GuardAgent protects LLM agents by turning safety guard requests into executable code that blocks violations.

A machine-rendered reading of the paper's core claim, the machinery that carries it, and where it could break.

The paper presents GuardAgent as a separate guard agent that watches over target LLM agents to ensure their actions follow given safety rules. It first uses an LLM to break down the safety requests into a step-by-step task plan, then converts that plan into code that runs deterministically to check and stop bad actions. This is tested on new benchmarks for healthcare access control and web agent safety policies, where it stops most violations. A sympathetic reader cares because LLM agents are starting to act independently in real settings, so a reliable external check could prevent harm without rewriting the agents themselves. The method relies on retrieving past examples to help the LLM reason correctly each time.

Core claim

GuardAgent is the first guardrail agent that dynamically checks whether target agents' actions satisfy given safety guard requests by analyzing the requests to generate a task plan and then mapping the plan into guardrail code for deterministic execution, using an LLM supplemented by in-context demonstrations from a memory module of prior tasks, and it achieves over 98 percent guardrail accuracy on the EICU-AC benchmark and over 83 percent on the Mind2Web-SC benchmark.

What carries the argument

GuardAgent, which analyzes safety guard requests via LLM to produce a task plan that is then mapped into executable guardrail code for deterministic enforcement of safety policies.

If this is right

  • Target LLM agents can be safeguarded from violations without any changes to their internal design or training.
  • Safety rules expressed in natural language can be enforced consistently through generated code rather than repeated LLM judgments.
  • The same guard mechanism applies across different agent types, such as those handling medical data access and those navigating websites.
  • Performance improves by retrieving relevant past experiences instead of relying on the LLM alone for each new safety request.

Where Pith is reading between the lines

These are editorial extensions of the paper, not claims the author makes directly.

  • The approach might extend to agents in other high-stakes areas like financial trading or physical robotics if similar benchmarks are created.
  • If the code generation step proves stable, it could reduce the frequency of full LLM calls during runtime enforcement.
  • Combining this with formal verification of the generated code could address cases where the LLM produces subtle logical errors.

Load-bearing premise

An LLM can reliably analyze arbitrary safety guard requests and generate correct task plans and executable guardrail code when given in-context demonstrations from a memory of previous tasks.

What would settle it

Running GuardAgent on a set of safety guard requests where the generated code either permits a clear violation or incorrectly blocks a valid action on the EICU-AC or Mind2Web-SC benchmarks.

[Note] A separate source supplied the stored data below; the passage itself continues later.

lemma square_integrable_x: "integrable M (\<lambda>\<omega>. (norm (x k \<omega>))\<^sup>2)"
proof (induction k)
  case 0
  show ?case
    by (rule P.integrable_const_bound[where B="(norm x0)\<^sup>2"]) (simp_all add: x_init)
next
  case (Suc k)
  have step: "integrable M (\<lambda>\<omega>. (norm (x k \<omega> + (- \<gamma>) *\<^sub>R noise_half k \<omega>))\<^sup>2)"
    using Suc square_integrable_noise_half[of k]
    by (intro P.square_integrable_add) (auto simp: power_mult_distrib)
  show ?case
  proof (rule P.square_integrable_norm_le[OF _ _ step])
    fix \<omega> assume \<omega>: "\<omega> \<in> space M"
    have "Fbar_half k \<omega> = noise_half k \<omega> + F (xh k \<omega>)" by (simp add: noise_half_def)
    then have "norm (x k \<omega> - \<gamma> *\<^sub>R Fbar_half k \<omega>)
        \<le> norm (x k \<omega> + (- \<gamma>) *\<^sub>R noise_half k \<omega>) + \<gamma> * norm (F (xh k \<omega>))"
      using norm_triangle_ineq4[of "x k \<omega> + (- \<gamma>) *\<^sub>R noise_half k \<omega>" "\<gamma> *\<^sub>R F (xh k \<omega>)"] gamma_pos
      by (simp add: algebra_simps)
    also have "\<gamma> * norm (F (xh k \<omega>)) \<le> \<gamma> * B_F"
      using norm_F_le_B_F[OF xh_in_X[OF \<omega>]] gamma_pos by simp
    finally show "norm (x (Suc k) \<omega>) \<le> (2 * R_X + \<gamma> * B_F) + norm (x k \<omega> + (- \<gamma>) *\<^sub>R noise_half k \<omega>)"
      using norm_closest_point_C_le[OF \<omega>, of k "x k \<omega> - \<gamma> *\<^sub>R Fbar_half k \<omega>"]
      by (simp add: x_Suc_eq[OF \<omega>])
  qed measurable
qed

read the original abstract

The rapid advancement of large language model (LLM) agents has raised new concerns regarding their safety and security. In this paper, we propose GuardAgent, the first guardrail agent to protect target agents by dynamically checking whether their actions satisfy given safety guard requests. Specifically, GuardAgent first analyzes the safety guard requests to generate a task plan, and then maps this plan into guardrail code for execution. By performing the code execution, GuardAgent can deterministically follow the safety guard request and safeguard target agents. In both steps, an LLM is utilized as the reasoning component, supplemented by in-context demonstrations retrieved from a memory module storing experiences from previous tasks. In addition, we propose two novel benchmarks: EICU-AC benchmark to assess the access control for healthcare agents and Mind2Web-SC benchmark to evaluate the safety policies for web agents. We show that GuardAgent effectively moderates the violation actions for different types of agents on these two benchmarks with over 98% and 83% guardrail accuracies, respectively. Project page: https://guardagent.github.io/

Editorial analysis

A structured set of objections, weighed in public.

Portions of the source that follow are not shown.